YOUR GOAL: From the data that follows, copy every line with the string "orbits".

[Stored data]
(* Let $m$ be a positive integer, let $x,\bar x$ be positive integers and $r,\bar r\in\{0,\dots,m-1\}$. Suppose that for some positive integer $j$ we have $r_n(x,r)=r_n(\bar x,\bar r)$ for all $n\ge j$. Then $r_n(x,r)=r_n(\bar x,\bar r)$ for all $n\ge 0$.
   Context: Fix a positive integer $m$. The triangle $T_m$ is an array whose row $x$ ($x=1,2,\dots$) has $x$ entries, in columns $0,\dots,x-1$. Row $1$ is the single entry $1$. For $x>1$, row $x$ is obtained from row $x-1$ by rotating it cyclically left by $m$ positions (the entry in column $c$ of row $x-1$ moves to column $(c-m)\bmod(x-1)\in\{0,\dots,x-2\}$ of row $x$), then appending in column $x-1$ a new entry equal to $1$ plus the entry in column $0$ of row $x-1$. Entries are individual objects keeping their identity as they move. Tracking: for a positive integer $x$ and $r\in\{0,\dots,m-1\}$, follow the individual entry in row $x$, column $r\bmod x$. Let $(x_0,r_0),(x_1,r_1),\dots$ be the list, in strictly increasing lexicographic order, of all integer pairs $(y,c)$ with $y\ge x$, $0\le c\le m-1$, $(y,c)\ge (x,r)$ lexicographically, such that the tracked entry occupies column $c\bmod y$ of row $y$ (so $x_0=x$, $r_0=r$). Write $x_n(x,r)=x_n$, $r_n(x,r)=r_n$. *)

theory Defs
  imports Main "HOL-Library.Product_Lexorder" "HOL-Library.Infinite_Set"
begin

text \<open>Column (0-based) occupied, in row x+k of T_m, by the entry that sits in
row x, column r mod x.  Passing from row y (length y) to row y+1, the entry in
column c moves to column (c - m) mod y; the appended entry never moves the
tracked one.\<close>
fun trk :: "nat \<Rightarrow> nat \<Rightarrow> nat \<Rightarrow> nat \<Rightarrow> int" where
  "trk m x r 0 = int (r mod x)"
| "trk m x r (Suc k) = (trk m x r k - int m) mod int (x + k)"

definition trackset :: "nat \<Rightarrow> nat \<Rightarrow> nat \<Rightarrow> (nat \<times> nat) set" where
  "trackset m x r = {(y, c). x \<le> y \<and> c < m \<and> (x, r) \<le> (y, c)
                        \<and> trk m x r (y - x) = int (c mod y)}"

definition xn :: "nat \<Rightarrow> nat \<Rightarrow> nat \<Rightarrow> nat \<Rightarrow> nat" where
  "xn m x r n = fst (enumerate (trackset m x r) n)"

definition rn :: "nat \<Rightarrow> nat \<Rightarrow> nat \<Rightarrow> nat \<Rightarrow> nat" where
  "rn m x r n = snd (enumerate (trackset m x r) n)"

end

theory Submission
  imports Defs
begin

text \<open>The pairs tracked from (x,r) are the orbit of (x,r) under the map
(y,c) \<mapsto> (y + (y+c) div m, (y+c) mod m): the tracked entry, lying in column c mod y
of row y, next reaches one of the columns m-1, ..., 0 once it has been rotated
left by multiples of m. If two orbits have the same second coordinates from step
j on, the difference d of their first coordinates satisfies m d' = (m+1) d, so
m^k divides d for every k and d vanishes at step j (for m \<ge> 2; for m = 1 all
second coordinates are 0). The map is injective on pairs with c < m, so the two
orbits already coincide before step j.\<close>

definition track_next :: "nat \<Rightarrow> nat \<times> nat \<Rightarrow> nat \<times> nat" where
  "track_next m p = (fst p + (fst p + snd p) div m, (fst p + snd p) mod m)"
==
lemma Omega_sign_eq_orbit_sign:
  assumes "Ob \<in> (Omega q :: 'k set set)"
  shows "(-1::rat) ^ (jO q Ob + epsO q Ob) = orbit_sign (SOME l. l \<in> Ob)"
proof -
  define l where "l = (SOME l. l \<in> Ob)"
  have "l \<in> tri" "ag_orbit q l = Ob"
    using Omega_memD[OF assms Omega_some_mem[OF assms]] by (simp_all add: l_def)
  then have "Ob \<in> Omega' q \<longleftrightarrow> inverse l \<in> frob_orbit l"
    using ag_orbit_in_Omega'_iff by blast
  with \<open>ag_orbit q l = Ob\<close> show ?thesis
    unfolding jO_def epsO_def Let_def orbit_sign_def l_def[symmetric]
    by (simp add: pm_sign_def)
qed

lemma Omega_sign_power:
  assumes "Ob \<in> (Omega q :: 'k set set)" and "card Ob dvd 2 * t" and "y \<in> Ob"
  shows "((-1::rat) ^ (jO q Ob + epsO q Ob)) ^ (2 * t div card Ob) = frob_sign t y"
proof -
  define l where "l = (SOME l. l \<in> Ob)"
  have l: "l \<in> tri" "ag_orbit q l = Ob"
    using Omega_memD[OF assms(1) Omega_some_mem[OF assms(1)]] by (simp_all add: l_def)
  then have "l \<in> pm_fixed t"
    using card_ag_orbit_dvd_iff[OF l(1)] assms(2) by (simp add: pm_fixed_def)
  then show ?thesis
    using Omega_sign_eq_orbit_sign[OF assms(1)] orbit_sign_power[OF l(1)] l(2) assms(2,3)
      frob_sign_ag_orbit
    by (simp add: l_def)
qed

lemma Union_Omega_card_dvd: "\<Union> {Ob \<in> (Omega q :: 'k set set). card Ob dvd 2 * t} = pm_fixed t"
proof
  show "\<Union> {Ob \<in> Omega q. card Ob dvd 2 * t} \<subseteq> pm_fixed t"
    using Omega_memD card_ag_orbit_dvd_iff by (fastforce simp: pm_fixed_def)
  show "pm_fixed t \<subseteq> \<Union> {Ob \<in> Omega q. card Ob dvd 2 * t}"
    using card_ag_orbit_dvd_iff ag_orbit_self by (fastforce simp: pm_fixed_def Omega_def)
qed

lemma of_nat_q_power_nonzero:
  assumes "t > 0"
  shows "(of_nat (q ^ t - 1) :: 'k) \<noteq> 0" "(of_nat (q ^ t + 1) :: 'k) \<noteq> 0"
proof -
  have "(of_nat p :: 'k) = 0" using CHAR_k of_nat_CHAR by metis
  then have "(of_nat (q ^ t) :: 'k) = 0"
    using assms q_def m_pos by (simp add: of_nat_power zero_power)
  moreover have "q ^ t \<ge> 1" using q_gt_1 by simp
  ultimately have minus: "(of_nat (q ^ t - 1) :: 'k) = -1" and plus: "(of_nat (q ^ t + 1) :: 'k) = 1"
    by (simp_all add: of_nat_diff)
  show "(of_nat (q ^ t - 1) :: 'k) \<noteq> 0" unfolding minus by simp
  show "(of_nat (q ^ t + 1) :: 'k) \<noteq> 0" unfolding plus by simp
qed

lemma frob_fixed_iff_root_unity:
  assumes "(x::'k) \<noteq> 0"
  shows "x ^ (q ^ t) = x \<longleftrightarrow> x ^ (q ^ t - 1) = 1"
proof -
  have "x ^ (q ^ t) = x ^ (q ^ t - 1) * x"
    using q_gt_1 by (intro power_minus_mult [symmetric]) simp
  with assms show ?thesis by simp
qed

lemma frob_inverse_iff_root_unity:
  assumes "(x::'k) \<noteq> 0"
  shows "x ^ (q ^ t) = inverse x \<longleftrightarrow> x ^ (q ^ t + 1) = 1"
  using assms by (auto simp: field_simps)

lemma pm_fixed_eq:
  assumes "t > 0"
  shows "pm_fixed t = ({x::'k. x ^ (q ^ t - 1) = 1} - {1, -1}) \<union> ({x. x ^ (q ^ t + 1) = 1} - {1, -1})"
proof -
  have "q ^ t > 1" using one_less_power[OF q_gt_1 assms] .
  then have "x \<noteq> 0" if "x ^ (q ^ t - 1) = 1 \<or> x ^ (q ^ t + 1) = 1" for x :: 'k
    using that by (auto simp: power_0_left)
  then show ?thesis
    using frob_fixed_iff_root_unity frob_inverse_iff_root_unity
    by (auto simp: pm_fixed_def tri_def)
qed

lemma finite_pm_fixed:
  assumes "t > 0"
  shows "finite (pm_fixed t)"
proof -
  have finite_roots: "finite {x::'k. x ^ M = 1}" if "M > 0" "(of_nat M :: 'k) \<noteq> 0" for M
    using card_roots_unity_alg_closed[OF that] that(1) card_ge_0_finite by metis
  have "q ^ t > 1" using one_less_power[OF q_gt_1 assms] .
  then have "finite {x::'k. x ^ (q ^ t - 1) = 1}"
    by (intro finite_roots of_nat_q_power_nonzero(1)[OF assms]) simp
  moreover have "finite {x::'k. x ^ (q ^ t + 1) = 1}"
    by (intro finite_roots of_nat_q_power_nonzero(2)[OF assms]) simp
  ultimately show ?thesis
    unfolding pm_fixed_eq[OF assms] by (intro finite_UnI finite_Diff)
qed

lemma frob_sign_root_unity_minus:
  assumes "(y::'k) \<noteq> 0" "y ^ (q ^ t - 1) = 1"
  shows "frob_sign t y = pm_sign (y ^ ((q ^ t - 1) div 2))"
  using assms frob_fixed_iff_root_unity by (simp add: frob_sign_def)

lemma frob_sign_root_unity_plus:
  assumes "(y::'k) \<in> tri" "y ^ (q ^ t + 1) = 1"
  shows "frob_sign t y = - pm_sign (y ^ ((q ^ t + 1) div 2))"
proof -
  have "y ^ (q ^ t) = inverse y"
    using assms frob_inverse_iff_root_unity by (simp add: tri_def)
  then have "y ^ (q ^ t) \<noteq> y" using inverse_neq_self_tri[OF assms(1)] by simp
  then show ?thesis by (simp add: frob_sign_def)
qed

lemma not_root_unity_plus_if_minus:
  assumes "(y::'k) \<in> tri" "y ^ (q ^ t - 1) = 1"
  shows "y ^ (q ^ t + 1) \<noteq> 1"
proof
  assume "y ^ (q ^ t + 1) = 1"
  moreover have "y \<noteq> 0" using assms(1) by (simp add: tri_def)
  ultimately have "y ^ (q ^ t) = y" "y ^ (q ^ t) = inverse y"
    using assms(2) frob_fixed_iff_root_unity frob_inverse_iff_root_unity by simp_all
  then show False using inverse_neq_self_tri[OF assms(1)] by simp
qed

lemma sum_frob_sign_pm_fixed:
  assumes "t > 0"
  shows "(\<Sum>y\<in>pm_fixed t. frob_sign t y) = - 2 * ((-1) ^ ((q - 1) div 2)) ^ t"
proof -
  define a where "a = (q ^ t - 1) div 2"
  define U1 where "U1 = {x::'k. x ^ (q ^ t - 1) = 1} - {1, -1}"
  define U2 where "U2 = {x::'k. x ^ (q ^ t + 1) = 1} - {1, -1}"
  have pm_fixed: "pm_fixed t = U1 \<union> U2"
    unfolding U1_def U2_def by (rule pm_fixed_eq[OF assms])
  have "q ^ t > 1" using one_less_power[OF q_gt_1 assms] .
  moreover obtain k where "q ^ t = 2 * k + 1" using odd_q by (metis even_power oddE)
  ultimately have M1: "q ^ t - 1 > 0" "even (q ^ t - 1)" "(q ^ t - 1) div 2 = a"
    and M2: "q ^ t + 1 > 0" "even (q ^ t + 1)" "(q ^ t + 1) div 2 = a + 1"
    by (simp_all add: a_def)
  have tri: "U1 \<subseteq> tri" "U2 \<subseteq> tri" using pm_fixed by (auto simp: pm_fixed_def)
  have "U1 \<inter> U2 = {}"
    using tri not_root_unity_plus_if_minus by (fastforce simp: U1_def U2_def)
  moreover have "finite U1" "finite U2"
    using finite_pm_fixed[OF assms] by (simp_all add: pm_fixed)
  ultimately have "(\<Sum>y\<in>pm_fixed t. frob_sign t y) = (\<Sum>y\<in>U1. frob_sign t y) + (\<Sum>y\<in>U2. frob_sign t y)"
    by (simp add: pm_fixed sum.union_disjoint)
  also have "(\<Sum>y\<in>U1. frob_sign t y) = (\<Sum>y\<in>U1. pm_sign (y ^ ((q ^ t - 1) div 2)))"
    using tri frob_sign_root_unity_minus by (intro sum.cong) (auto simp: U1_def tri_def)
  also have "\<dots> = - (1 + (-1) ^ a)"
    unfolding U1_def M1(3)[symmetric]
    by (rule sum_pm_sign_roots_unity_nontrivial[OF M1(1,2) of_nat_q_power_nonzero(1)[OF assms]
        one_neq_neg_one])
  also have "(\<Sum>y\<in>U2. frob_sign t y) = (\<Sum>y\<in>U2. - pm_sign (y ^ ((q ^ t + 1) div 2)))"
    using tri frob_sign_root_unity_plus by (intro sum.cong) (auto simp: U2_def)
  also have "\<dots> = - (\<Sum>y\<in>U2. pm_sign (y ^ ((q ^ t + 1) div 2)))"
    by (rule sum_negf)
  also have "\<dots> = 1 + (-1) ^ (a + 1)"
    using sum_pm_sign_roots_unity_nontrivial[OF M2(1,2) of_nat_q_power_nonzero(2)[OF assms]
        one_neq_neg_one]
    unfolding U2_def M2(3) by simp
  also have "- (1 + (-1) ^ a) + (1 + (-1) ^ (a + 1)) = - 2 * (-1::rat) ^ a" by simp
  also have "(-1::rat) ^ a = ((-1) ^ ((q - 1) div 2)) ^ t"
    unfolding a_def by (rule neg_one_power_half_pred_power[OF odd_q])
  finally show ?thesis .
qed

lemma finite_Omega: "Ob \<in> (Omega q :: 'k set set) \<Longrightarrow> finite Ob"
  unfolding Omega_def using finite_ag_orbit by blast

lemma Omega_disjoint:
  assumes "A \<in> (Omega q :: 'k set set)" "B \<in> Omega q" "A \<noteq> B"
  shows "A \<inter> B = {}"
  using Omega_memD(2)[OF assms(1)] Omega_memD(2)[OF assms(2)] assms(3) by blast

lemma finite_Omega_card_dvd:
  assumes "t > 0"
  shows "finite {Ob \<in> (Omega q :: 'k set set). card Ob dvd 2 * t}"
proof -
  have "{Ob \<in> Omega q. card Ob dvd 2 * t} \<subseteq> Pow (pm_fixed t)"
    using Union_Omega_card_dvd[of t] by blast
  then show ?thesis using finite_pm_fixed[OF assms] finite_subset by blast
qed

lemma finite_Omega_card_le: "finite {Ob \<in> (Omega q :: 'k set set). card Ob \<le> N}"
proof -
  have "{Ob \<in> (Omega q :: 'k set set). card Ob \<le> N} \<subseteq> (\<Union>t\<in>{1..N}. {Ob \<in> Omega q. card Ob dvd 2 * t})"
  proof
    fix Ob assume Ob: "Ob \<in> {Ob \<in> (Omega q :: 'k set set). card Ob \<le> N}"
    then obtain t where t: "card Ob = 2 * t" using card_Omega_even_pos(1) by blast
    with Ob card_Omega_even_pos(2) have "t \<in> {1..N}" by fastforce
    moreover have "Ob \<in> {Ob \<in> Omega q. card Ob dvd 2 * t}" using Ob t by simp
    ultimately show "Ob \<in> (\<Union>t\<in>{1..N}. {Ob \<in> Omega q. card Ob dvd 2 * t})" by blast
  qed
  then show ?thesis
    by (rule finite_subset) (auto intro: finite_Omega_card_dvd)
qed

ANSWER:
left by multiples of m. If two orbits have the same second coordinates from step
orbits already coincide before step j.\<close>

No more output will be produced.